I'm not quite sure what the question is asking... anybody else know? :P
well u think abt it lets go to thenext one then
3.Prove that the fn f(x)=2sinx +tanx -3x is increasing in the interval (-90,90)
Is the paper a square?
dunno i hav only the info in the qn
acces any idea abt the 3rd qn?
i graphed it, it doesnt really look like that function is even increasing in that interval...
oh thn how?
pls try again i am sure the qn is crct
odd, the derivative is always positive on the interval (so the function should be increasing), but the actual function itself looks like its decreasing on the graph? o.O
wel u think ovr abt that one too next qn
Find the intervals of monotonicity of the function y=2x^2-log|x|,x!=0 .Hence find the points of maximum and minimum
you'd find the derivative and set it equal to 0... except im not sure on the absolute value there. 2x^2 - log|x| derivative of 2x^2 is 4x, the derivative of log(x) is 1/(x*ln(10))... but that absolute value gets me
y?? it is said in qn dont consider case of 0
oh, not only =0, also points where graph is undefined* the question only says x=/= 0
if i knew the derivative of log|x|, i could possibly give you a better explanation using an example but points where the derivative is undefined are also critical points when the function exists at that point
derivative of log mod x is 1/x
uhh, sorry, not sure i can help you with these questions. they're a bit outside of what i know. :)

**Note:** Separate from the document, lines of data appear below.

text \<open>Every family is a C-combination of the E-valued families supported on one (\<rho>, i).\<close>

lemma conj_spans_subfield_imp_UNIV:
  fixes W :: "(complex ^ 'n) set"
  assumes subfield: "subfield_C E" and "finite T" and spans: "conj_spans E W T"
  shows "conj_spans UNIV W T"
  unfolding conj_spans_def
proof (intro allI impI)
  fix g :: "(complex \<Rightarrow> complex) \<Rightarrow> complex ^ 'n"
  define unit :: "(complex \<Rightarrow> complex) \<times> 'n \<Rightarrow> (complex \<Rightarrow> complex) \<Rightarrow> complex ^ 'n"
    where "unit k \<rho> = (if \<rho> = fst k then axis (snd k) 1 else 0)" for k \<rho>
  have "in_conj_span E W T (unit k)" for k
    using spans subfield_C_0[OF subfield] subfield_C_1[OF subfield]
    by (auto simp: conj_spans_def unit_def axis_def)
  then have "in_conj_span UNIV W T (\<lambda>\<rho>. \<Sum>k\<in>T \<times> UNIV. g (fst k) $ snd k *s unit k \<rho>)"
    using \<open>finite T\<close> by (intro in_conj_span_sum in_conj_span_scale) (auto intro: in_conj_span_mono)
  moreover have "(\<Sum>k\<in>T \<times> UNIV. g (fst k) $ snd k *s unit k \<rho>) = g \<rho>" if "\<rho> \<in> T" for \<rho>
  proof -
    have "(\<Sum>k\<in>T \<times> UNIV. g (fst k) $ snd k *s unit k \<rho>) $ j = (\<Sum>k\<in>T \<times> UNIV. if k = (\<rho>, j) then g \<rho> $ j else 0)" for j
      unfolding sum_component by (intro sum.cong) (auto simp: unit_def axis_def)
    then show ?thesis using that \<open>finite T\<close> by (simp add: vec_eq_iff)
  qed
  ultimately show "in_conj_span UNIV W T g" by (rule in_conj_span_cong)
qed
text \<open>The quantum plane Hopf algebra H = k_q[x,x^-1,y] is modelled as the k-vector space
  of finitely supported coefficient functions on its basis; the basis element x^n y^m is
  indexed by the pair (n,m) :: int * nat.  The tensor product H (x) H is modelled likewise
  with basis (x^n y^m) (x) (x^n' y^m') indexed by ((n,m),(n',m')).\<close>

type_synonym 'k qH = "(int \<times> nat) \<Rightarrow>\<^sub>0 'k"
type_synonym 'k qHH = "((int \<times> nat) \<times> (int \<times> nat)) \<Rightarrow>\<^sub>0 'k"

definition smul :: "'k::field \<Rightarrow> ('a \<Rightarrow>\<^sub>0 'k) \<Rightarrow> ('a \<Rightarrow>\<^sub>0 'k)" where
  "smul c v = Poly_Mapping.map (\<lambda>a. c * a) v"

definition lin_ext :: "('a \<Rightarrow> ('b \<Rightarrow>\<^sub>0 'k::field)) \<Rightarrow> ('a \<Rightarrow>\<^sub>0 'k) \<Rightarrow> ('b \<Rightarrow>\<^sub>0 'k)" where
  "lin_ext g v = (\<Sum>a\<in>Poly_Mapping.keys v. smul (Poly_Mapping.lookup v a) (g a))"

definition is_linear :: "(('a \<Rightarrow>\<^sub>0 'k::field) \<Rightarrow> ('b \<Rightarrow>\<^sub>0 'k)) \<Rightarrow> bool" where
  "is_linear f \<longleftrightarrow> (\<forall>u v. f (u + v) = f u + f v) \<and> (\<forall>c v. f (smul c v) = smul c (f v))"

definition qint :: "'k::field \<Rightarrow> nat \<Rightarrow> 'k" where
  "qint q n = (\<Sum>j<n. q ^ j)"
lemma ex_minimal_poly:
  assumes "poly_over F p" "p \<noteq> 0" "poly p \<alpha> = 0"
  obtains m where "poly_over F m" "poly m \<alpha> = 0" "poly (pderiv m) \<alpha> \<noteq> 0"
    and "\<And>p. poly_over F p \<Longrightarrow> poly p \<alpha> = 0 \<Longrightarrow> \<exists>q. poly_over F q \<and> p = q * m"
proof -
  obtain m where m: "poly_over F m" "m \<noteq> 0" "poly m \<alpha> = 0"
    and least: "\<And>q. poly_over F q \<Longrightarrow> q \<noteq> 0 \<Longrightarrow> poly q \<alpha> = 0 \<Longrightarrow> degree m \<le> degree q"
    using ex_has_least_nat[of "\<lambda>p. poly_over F p \<and> p \<noteq> 0 \<and> poly p \<alpha> = 0" p degree] assms
    by blast
  have "\<exists>q. poly_over F q \<and> p = q * m" if p: "poly_over F p" "poly p \<alpha> = 0" for p
  proof -
    obtain q r where qr: "poly_over F q" "poly_over F r" "p = q * m + r" "r = 0 \<or> degree r < degree m"
      using poly_over_div_mod[OF p(1) m(1,2)] by blast
    then have "poly r \<alpha> = 0"
      using p(2) m(3) by simp
    with qr(2,4) least[of r] have "r = 0" by fastforce
    with qr(1,3) show ?thesis by auto
  qed
  moreover have "poly (pderiv m) \<alpha> \<noteq> 0"
  proof
    assume "poly (pderiv m) \<alpha> = 0"
    moreover have "degree m \<noteq> 0"
    proof
      assume "degree m = 0"
      then obtain c where "m = [:c:]" by (rule degree_eq_zeroE)
      with m(2,3) show False by simp
    qed
    ultimately show False
      using least[of "pderiv m"] poly_over_pderiv[OF m(1)] by (auto simp: pderiv_eq_0_iff degree_pderiv)
  qed
  ultimately show thesis
    using m(1,3) that by blast
qed

end

context derivation
begin

lemma D_algebraic:
  assumes "x \<in> F" "algebraic x"
  shows "D x = 0"
proof -
  obtain p where "poly_over \<rat> p" "p \<noteq> 0" "poly p x = 0"
    using assms(2) algebraic_iff_poly_over_Rats by blast
  then obtain m where m: "poly_over \<rat> m" "poly m x = 0" "poly (pderiv m) x \<noteq> 0"
    using subfield.ex_minimal_poly[OF subfield_Rats] by metis
  have "poly_over F m"
    using m(1) Rats_subset by (auto simp: poly_over_def)
  moreover have "map_poly D m = 0"
    using m(1) by (intro poly_eqI) (simp add: coeff_map_poly poly_over_def D_Rats)
  ultimately have "D (poly m x) = poly (pderiv m) x * D x"
    using D_poly assms(1) by simp
  with m show ?thesis by simp
qed

end

section \<open>Extending derivations\<close>

definition adjoin :: "'a::field set \<Rightarrow> 'a \<Rightarrow> 'a set" where
  "adjoin F \<alpha> = {poly p \<alpha> / poly q \<alpha> | p q. poly_over F p \<and> poly_over F q \<and> poly q \<alpha> \<noteq> 0}"

context subfield
begin

lemma adjoinI: "poly_over F p \<Longrightarrow> poly_over F q \<Longrightarrow> poly q \<alpha> \<noteq> 0 \<Longrightarrow> poly p \<alpha> / poly q \<alpha> \<in> adjoin F \<alpha>"
  unfolding adjoin_def by blast

lemma subset_adjoin: "F \<subseteq> adjoin F \<alpha>"
  using adjoinI[of "[:c:]" 1 \<alpha> for c] by (auto simp: one_pCons)

lemma mem_adjoin: "\<alpha> \<in> adjoin F \<alpha>"
  using adjoinI[of "[:0, 1:]" 1 \<alpha>] by (simp add: one_pCons)

lemma subfield_adjoin: "subfield (adjoin F \<alpha>)"
proof
  show "0 \<in> adjoin F \<alpha>" "1 \<in> adjoin F \<alpha>"
    using subset_adjoin by auto
next
  fix x y assume "x \<in> adjoin F \<alpha>" "y \<in> adjoin F \<alpha>"
  then obtain p1 q1 p2 q2 where pq: "poly_over F p1" "poly_over F q1" "poly_over F p2" "poly_over F q2"
    and nz: "poly q1 \<alpha> \<noteq> 0" "poly q2 \<alpha> \<noteq> 0"
    and xy: "x = poly p1 \<alpha> / poly q1 \<alpha>" "y = poly p2 \<alpha> / poly q2 \<alpha>"
    unfolding adjoin_def by blast
  have "x + y = poly (p1 * q2 + p2 * q1) \<alpha> / poly (q1 * q2) \<alpha>"
    using nz by (simp add: xy field_simps)
  then show "x + y \<in> adjoin F \<alpha>"
    using pq nz adjoinI[of "p1 * q2 + p2 * q1" "q1 * q2"] by auto
  have "x * y = poly (p1 * p2) \<alpha> / poly (q1 * q2) \<alpha>"
    by (simp add: xy)
  then show "x * y \<in> adjoin F \<alpha>"
    using pq nz adjoinI[of "p1 * p2" "q1 * q2"] by auto
next
  fix x assume "x \<in> adjoin F \<alpha>"
  then obtain p q where pq: "poly_over F p" "poly_over F q" "poly q \<alpha> \<noteq> 0"
    and x: "x = poly p \<alpha> / poly q \<alpha>"
    unfolding adjoin_def by blast
  have "- x = poly (- p) \<alpha> / poly q \<alpha>"
    by (simp add: x)
  then show "- x \<in> adjoin F \<alpha>"
    using pq poly_over_diff[OF poly_over_0 pq(1)] adjoinI[of "- p" q] by auto
  show "inverse x \<in> adjoin F \<alpha>"
  proof (cases "poly p \<alpha> = 0")
    case True
    then show ?thesis using subset_adjoin by (auto simp: x)
  next
    case False
    then show ?thesis using pq adjoinI[of q p] by (simp add: x)
  qed
qed

end

context derivation
begin
lemma nonreal_not_in_ess_spectrum:
  assumes A: "bounded_op A" "selfadj_on UNIV A" and z: "Im z \<noteq> 0"
  shows "z \<notin> ess_spectrum A"
proof (rule not_in_ess_spectrum_if_coercive[OF A(1) compact_op_zero])
  define c where "c = (if Im z > 0 then \<i> else - \<i>)"
  show "c \<noteq> 0"
    by (simp add: c_def)
  show "\<bar>Im z\<bar> > 0"
    using z by simp
  fix x
  have "cinner x (A x + 0 - scaleC z x) = cinner x (A x) - z * complex_of_real ((norm x)^2)"
    by (simp add: cinner_diff_right cinner_scaleC_right flip: norm_cinner)
  then show "\<bar>Im z\<bar> * (norm x)^2 \<le> Re (c * cinner x (A x + 0 - scaleC z x))"
    using selfadj_cinner_real[OF A(2), of x] by (auto simp: c_def)
qed simp

section \<open>Orthogonal decompositions\<close>

locale orthogonal_decomposition =
  fixes n :: nat and V :: "nat \<Rightarrow> 'a::complex_hilbert set"
  assumes orth_decomp: "orth_decomp n V"
begin

abbreviation P :: "nat \<Rightarrow> 'a \<Rightarrow> 'a" where
  "P i \<equiv> proj (V i)"

lemma subspace: "i < n \<Longrightarrow> csubspace (V i)"
  using orth_decomp unfolding orth_decomp_def by blast

lemma zero_in: "i < n \<Longrightarrow> 0 \<in> V i"
  using subspace unfolding csubspace_def by blast

lemma add_in: "i < n \<Longrightarrow> x \<in> V i \<Longrightarrow> y \<in> V i \<Longrightarrow> x + y \<in> V i"
  using subspace unfolding csubspace_def by blast

lemma scaleC_in: "i < n \<Longrightarrow> x \<in> V i \<Longrightarrow> scaleC c x \<in> V i"
  using subspace unfolding csubspace_def by blast

lemma scaleR_in: "i < n \<Longrightarrow> x \<in> V i \<Longrightarrow> scaleR r x \<in> V i"
  by (metis scaleC_in scaleC_of_real)

lemma diff_in: "i < n \<Longrightarrow> x \<in> V i \<Longrightarrow> y \<in> V i \<Longrightarrow> x - y \<in> V i"
  using add_in[of i x "- y"] scaleR_in[of i y "-1"] by simp

lemma orthogonal: "i < n \<Longrightarrow> j < n \<Longrightarrow> i \<noteq> j \<Longrightarrow> x \<in> V i \<Longrightarrow> y \<in> V j \<Longrightarrow> cinner x y = 0"
  using orth_decomp unfolding orth_decomp_def by blast

lemma decomposition: "\<exists>u. (\<forall>i<n. u i \<in> V i) \<and> x = (\<Sum>i<n. u i)"
  using orth_decomp unfolding orth_decomp_def by blast

lemma proj_eqI:
  assumes i: "i < n" and y: "y \<in> V i" and orth: "\<And>v. v \<in> V i \<Longrightarrow> cinner v (x - y) = 0"
  shows "P i x = y"
  unfolding proj_def
proof (rule the_equality)
  fix y' assume y': "y' \<in> V i \<and> (\<forall>v\<in>V i. cinner v (x - y') = 0)"
  have "y' - y \<in> V i"
    using i y y' by (simp add: diff_in)
  then have "cinner (y' - y) (y' - y) = 0"
    using orth y' by (metis cinner_diff_right diff_diff_eq2 diff_add_cancel diff_self)
  then show "y' = y"
    using norm_cinner[of "y' - y"] by simp
qed (use y orth in blast)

20 m of wire is available to fence off a flower bed in the form of a circular sector.what must be the radius of the circle oif we wish to have a flower bed with greatest possible area?
May I help?
You may help. :) I have an idea of how to do that last one, unless that's what you know. :P
both of u bring in ur best n fast :P
As there are 20 m fence, 2r pi =20, r=10 A=r^2 pi A'=2 pi r A''= 2pi >0 therefore, max A occurs at r=10 A=(10)(10) pi =314
its not a full circle, but a sector of a circle
wt u think access?
tell ur method
So, the perimeter of the sector is: P = 2r + rt (t := angle between radii that make up the sector). P is also given to be 20. 20 = 2r + rt The area of the sector is A = r^2 t/2. If we use substitution to get a function of t with respect to r... 20 = 2r + rt 20 = r(2 + t) r=/=0 20/r = 2 + t 20/r - 2 = t A = r^2 (20/r - 2) / 2 = ( 20r^2 / r - 2r^2 ) / 2 = 10r - r^2 A' = 10 - 2r 10 - 2r = 0 -2r = -10 r = 5
yey thx a lot
do post here if u get better attempts on the qns we skipped
i actually found the solution online for the one concerning the page and print matter the answer just isnt intuitive for me, trying to think of a way to explain it. they basically used a function of area of the page to the x-value (substitution from k=xy) and minimized the area of the page
Any other question?
HMM?u knw integration and differentiation?
No, but the type of questions u posted, I think I can solve by any other method also.
did u get the book qn?
Which one? The "Page" Question????????
See bhai, @AccessDenied answer is right. But after that, how to proceed not exactly getting. What to find next????????????? Any more options and clues given?????????
In that case, @AccessDenied answer is rite.
can u help with that page qn?
ok. lemme try first. i didn't read the whole post was it resolved?
wt to do next?